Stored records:
lemma quot_iso_dual:
  fixes V U :: "('a \<Rightarrow> 'k::field) set" and V' U' :: "('b \<Rightarrow> 'k) set"
  assumes iso: "quot_iso V U V' U'"
    and "vs.subspace V" "vs.subspace U" "vs.subspace V'" "vs.subspace U'"
    and "finite S" and supp: "\<forall>y\<in>V'. \<forall>x. y x \<noteq> 0 \<longrightarrow> x \<in> S"
  shows "quot_iso (dual_quot V U) {0} V' U'"
proof -
  obtain h where "U \<subseteq> V" "U' \<subseteq> V'" and h_lin: "lin_on V h" and h_V: "h ` V \<subseteq> V'"
    and h_surj: "\<forall>y\<in>V'. \<exists>x\<in>V. y - h x \<in> U'" and h_ker: "\<forall>x\<in>V. h x \<in> U' \<longleftrightarrow> x \<in> U"
    using iso unfolding quot_iso_def by blast
  have "V' \<subseteq> vs.span ((\<lambda>s x. if x = s then 1 else 0) ` S)"
    using finitely_supported_in_span[OF \<open>finite S\<close>] supp by blast
  then obtain E where E: "quot_basis V' U' E id"
    using quot_basis_exists[OF \<open>vs.subspace U'\<close> \<open>U' \<subseteq> V'\<close>] \<open>finite S\<close> by blast
  have "\<forall>e\<in>E. \<exists>x. x \<in> V \<and> e - h x \<in> U'" using h_surj E by (auto simp: quot_basis_def)
  then obtain v where "\<forall>e\<in>E. v e \<in> V \<and> e - h (v e) \<in> U'" by (rule bchoice[THEN exE])
  then have v: "v ` E \<subseteq> V" "\<forall>e\<in>E. e - h (v e) \<in> U'" by auto
  have "quot_basis V U E v"
    by (rule quot_basis_pullback[where h=h and v=v, OF h_lin h_V h_ker assms(2,5) E v])
  then show ?thesis
    using E assms(2,3) \<open>U \<subseteq> V\<close> assms(4,5) \<open>U' \<subseteq> V'\<close> by (rule quot_iso_dual_of_quot_bases)
qed

section \<open>Multi-indices, the product of R and the contraction action\<close>

lemma finite_below_midx:
  assumes "\<beta> \<in> midx r"
  shows "finite {\<gamma>. \<gamma> \<le> \<beta>}"
proof -
  let ?of_list = "\<lambda>xs i. if i < r then xs ! i else 0"
  have "{\<gamma>. \<gamma> \<le> \<beta>} \<subseteq> ?of_list ` {xs. set xs \<subseteq> {..tdeg r \<beta>} \<and> length xs = r}"
  proof
    fix \<gamma> :: "nat \<Rightarrow> nat" assume "\<gamma> \<in> {\<gamma>. \<gamma> \<le> \<beta>}"
    then have le: "\<gamma> i \<le> \<beta> i" for i by (simp add: le_fun_def)
    have "\<gamma> i \<le> tdeg r \<beta>" if "i < r" for i
      using le[of i] member_le_sum[of i "{..<r}" \<beta>] that by (simp add: tdeg_def)
    moreover have "\<gamma> = ?of_list (map \<gamma> [0..<r])"
    proof
      fix i show "\<gamma> i = ?of_list (map \<gamma> [0..<r]) i"
        using le[of i] assms by (cases "i < r") (auto simp: midx_def)
    qed
    ultimately show "\<gamma> \<in> ?of_list ` {xs. set xs \<subseteq> {..tdeg r \<beta>} \<and> length xs = r}"
      by (intro image_eqI) auto
  qed
  moreover have "finite {xs. set xs \<subseteq> {..tdeg r \<beta>} \<and> length xs = r}"
    by (rule finite_lists_length_eq) simp
  ultimately show ?thesis by (meson finite_imageI finite_subset)
qed

lemma ps_mult_diff_eq_sum_between:
  fixes \<gamma> \<delta> :: "nat \<Rightarrow> nat"
  assumes "\<gamma> \<le> \<delta>"
  shows "ps_mult \<phi> \<psi> (\<delta> - \<gamma>) = (\<Sum>\<beta>\<in>{\<beta>. \<gamma> \<le> \<beta> \<and> \<beta> \<le> \<delta>}. \<phi> (\<delta> - \<beta>) * \<psi> (\<beta> - \<gamma>))"
  unfolding ps_mult_def
proof (rule sum.reindex_bij_witness[where i="\<lambda>\<beta>. \<delta> - \<beta>" and j="\<lambda>\<alpha>. \<delta> - \<alpha>"])
  fix \<alpha> :: "nat \<Rightarrow> nat" assume "\<alpha> \<in> {\<alpha>. \<alpha> \<le> \<delta> - \<gamma>}"
  then have pt: "\<alpha> k \<le> \<delta> k - \<gamma> k \<and> \<gamma> k \<le> \<delta> k" for k using assms by (auto simp: le_fun_def)
  have "\<delta> - (\<delta> - \<alpha>) = \<alpha>"
  proof
    fix k show "(\<delta> - (\<delta> - \<alpha>)) k = \<alpha> k" using pt[of k] by (simp only: minus_apply) arith
  qed
  moreover have "\<delta> - \<alpha> - \<gamma> = \<delta> - \<gamma> - \<alpha>" by (simp add: fun_eq_iff add.commute)
  moreover have "\<gamma> \<le> \<delta> - \<alpha>"
  proof (rule le_funI)
    fix k show "\<gamma> k \<le> (\<delta> - \<alpha>) k" using pt[of k] by (simp only: minus_apply) arith
  qed
  ultimately show "\<delta> - (\<delta> - \<alpha>) = \<alpha>" "\<delta> - \<alpha> \<in> {\<beta>. \<gamma> \<le> \<beta> \<and> \<beta> \<le> \<delta>}"
    "\<phi> (\<delta> - (\<delta> - \<alpha>)) * \<psi> (\<delta> - \<alpha> - \<gamma>) = \<phi> \<alpha> * \<psi> (\<delta> - \<gamma> - \<alpha>)"
    by (auto simp: le_fun_def)
next
  fix \<beta> :: "nat \<Rightarrow> nat" assume "\<beta> \<in> {\<beta>. \<gamma> \<le> \<beta> \<and> \<beta> \<le> \<delta>}"
  then have pt: "\<gamma> k \<le> \<beta> k \<and> \<beta> k \<le> \<delta> k" for k by (auto simp: le_fun_def)
  show "\<delta> - (\<delta> - \<beta>) = \<beta>"
  proof
    fix k show "(\<delta> - (\<delta> - \<beta>)) k = \<beta> k" using pt[of k] by simp
  qed
  show "\<delta> - \<beta> \<in> {\<alpha>. \<alpha> \<le> \<delta> - \<gamma>}" by (auto intro!: le_funI simp: pt diff_le_mono2)
qed

lemma tdeg_diff_le: "tdeg r (\<beta> - \<gamma>) \<le> tdeg r \<beta>"
  unfolding tdeg_def by (rule sum_mono) simp

lemma DP_support_midx: "F \<in> DP r \<Longrightarrow> F \<beta> \<noteq> 0 \<Longrightarrow> \<beta> \<in> midx r"
  by (auto simp: DP_def PS_def)

lemma DP_finite_support: "F \<in> DP r \<Longrightarrow> finite {\<beta>. F \<beta> \<noteq> 0}"
  by (auto simp: DP_def)

definition supp_downset :: "((nat \<Rightarrow> nat) \<Rightarrow> 'k::zero) \<Rightarrow> (nat \<Rightarrow> nat) set" where
  "supp_downset F = {\<gamma>. \<exists>\<delta>. F \<delta> \<noteq> 0 \<and> \<gamma> \<le> \<delta>}"

lemma finite_supp_downset:
  assumes "F \<in> DP r"
  shows "finite (supp_downset F)"
proof -
  have "supp_downset F = (\<Union>\<delta>\<in>{\<delta>. F \<delta> \<noteq> 0}. {\<gamma>. \<gamma> \<le> \<delta>})"
    by (auto simp: supp_downset_def)
  then show ?thesis
    using assms by (auto intro!: finite_below_midx DP_support_midx DP_finite_support)
qed

lemma below_midx:
  assumes "\<gamma> \<le> \<beta>" "\<beta> \<in> midx r"
  shows "\<gamma> \<in> midx r"
  unfolding midx_def
proof (intro CollectI allI impI)
  fix i assume "r \<le> i"
  then show "\<gamma> i = 0" using assms le_funD[of \<gamma> \<beta> i] by (simp add: midx_def)
qed

lemma supp_downset_midx:
  assumes "F \<in> DP r"
  shows "supp_downset F \<subseteq> midx r"
proof
  fix \<gamma> assume "\<gamma> \<in> supp_downset F"
  then obtain \<delta> where "F \<delta> \<noteq> 0" "\<gamma> \<le> \<delta>" by (auto simp: supp_downset_def)
  then show "\<gamma> \<in> midx r" using below_midx DP_support_midx[OF assms] by blast
qed

lemma contr_support:
  assumes "contr \<phi> F \<gamma> \<noteq> 0"
  shows "\<gamma> \<in> supp_downset F"
proof -
  obtain \<beta> where "F \<beta> \<noteq> 0" "(if \<gamma> \<le> \<beta> then \<phi> (\<beta> - \<gamma>) * F \<beta> else 0) \<noteq> 0"
    using assms unfolding contr_def by (auto elim: sum.not_neutral_contains_not_neutral)
  then show ?thesis unfolding supp_downset_def by (auto split: if_splits)
qed

lemma contr_DP:
  assumes "F \<in> DP r"
  shows "contr \<phi> F \<in> DP r"
proof -
  have "{\<beta>. contr \<phi> F \<beta> \<noteq> 0} \<subseteq> supp_downset F" using contr_support by blast
  then show ?thesis
    using supp_downset_midx[OF assms] finite_subset finite_supp_downset[OF assms]
    unfolding DP_def PS_def by blast
qed

lemma contr_add: "contr (\<phi> + \<psi>) F = contr \<phi> F + contr \<psi> F"
  by (simp add: contr_def fun_eq_iff sum.distrib[symmetric] algebra_simps if_distrib cong: if_cong)

lemma contr_scale: "contr (sc c \<phi>) F = sc c (contr \<phi> F)"
  by (simp add: contr_def fun_eq_iff sc_def sum_distrib_left algebra_simps if_distrib cong: if_cong)

lemma linear_contr: "Vector_Spaces.linear sc sc (\<lambda>\<phi>. contr \<phi> F)"
  unfolding linear_iff using vs.vector_space_axioms by (simp add: contr_add contr_scale)

lemma contr_at_0_indicator:
  assumes "G \<in> DP r"
  shows "contr (\<lambda>\<alpha>. if \<alpha> = \<beta> then 1 else 0) G 0 = G \<beta>"
proof -
  have "contr (\<lambda>\<alpha>. if \<alpha> = \<beta> then 1 else 0) G 0 = (\<Sum>\<beta>'\<in>{\<beta>'. G \<beta>' \<noteq> 0}. if \<beta>' = \<beta> then G \<beta>' else 0)"
    unfolding contr_def by (intro sum.cong) auto
  also have "\<dots> = G \<beta>" using DP_finite_support[OF assms] by simp
  finally show ?thesis .
qed

lemma ps_mult_PS:
  assumes "\<phi> \<in> PS r" "\<psi> \<in> PS r"
  shows "ps_mult \<phi> \<psi> \<in> PS r"
  unfolding PS_def
proof (intro CollectI allI impI)
  fix \<gamma> assume "\<gamma> \<notin> midx r"
  have "\<phi> \<alpha> * \<psi> (\<gamma> - \<alpha>) = 0" if "\<alpha> \<le> \<gamma>" for \<alpha>
  proof (cases "\<alpha> \<in> midx r")
    case True
    have "\<gamma> - \<alpha> \<notin> midx r"
    proof
      assume "\<gamma> - \<alpha> \<in> midx r"
      have "\<gamma> i = 0" if "r \<le> i" for i
        using \<open>\<gamma> - \<alpha> \<in> midx r\<close> True le_funD[OF \<open>\<alpha> \<le> \<gamma>\<close>, of i] that by (simp add: midx_def)
      then show False using \<open>\<gamma> \<notin> midx r\<close> by (simp add: midx_def)
    qed
    then show ?thesis using assms(2) by (simp add: PS_def)
  next
    case False
    then show ?thesis using assms(1) by (simp add: PS_def)
  qed
  then show "ps_mult \<phi> \<psi> \<gamma> = 0" unfolding ps_mult_def by (intro sum.neutral) auto
qed

lemma ps_mult_add_left: "ps_mult (\<phi> + \<phi>') \<psi> = ps_mult \<phi> \<psi> + ps_mult \<phi>' \<psi>"
  by (simp add: ps_mult_def fun_eq_iff sum.distrib[symmetric] algebra_simps)

lemma ps_mult_scale_left: "ps_mult (sc c \<phi>) \<psi> = sc c (ps_mult \<phi> \<psi>)"
  by (simp add: ps_mult_def fun_eq_iff sc_def sum_distrib_left algebra_simps)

## Instructions to follow
Please copy exactly the lines from the first line of the records above through the line containing "then obtain v", including both, and nothing more.

## Response box
lemma quot_iso_dual:
  fixes V U :: "('a \<Rightarrow> 'k::field) set" and V' U' :: "('b \<Rightarrow> 'k) set"
  assumes iso: "quot_iso V U V' U'"
    and "vs.subspace V" "vs.subspace U" "vs.subspace V'" "vs.subspace U'"
    and "finite S" and supp: "\<forall>y\<in>V'. \<forall>x. y x \<noteq> 0 \<longrightarrow> x \<in> S"
  shows "quot_iso (dual_quot V U) {0} V' U'"
proof -
  obtain h where "U \<subseteq> V" "U' \<subseteq> V'" and h_lin: "lin_on V h" and h_V: "h ` V \<subseteq> V'"
    and h_surj: "\<forall>y\<in>V'. \<exists>x\<in>V. y - h x \<in> U'" and h_ker: "\<forall>x\<in>V. h x \<in> U' \<longleftrightarrow> x \<in> U"
    using iso unfolding quot_iso_def by blast
  have "V' \<subseteq> vs.span ((\<lambda>s x. if x = s then 1 else 0) ` S)"
    using finitely_supported_in_span[OF \<open>finite S\<close>] supp by blast
  then obtain E where E: "quot_basis V' U' E id"
    using quot_basis_exists[OF \<open>vs.subspace U'\<close> \<open>U' \<subseteq> V'\<close>] \<open>finite S\<close> by blast
  have "\<forall>e\<in>E. \<exists>x. x \<in> V \<and> e - h x \<in> U'" using h_surj E by (auto simp: quot_basis_def)
  then obtain v where "\<forall>e\<in>E. v e \<in> V \<and> e - h (v e) \<in> U'" by (rule bchoice[THEN exE])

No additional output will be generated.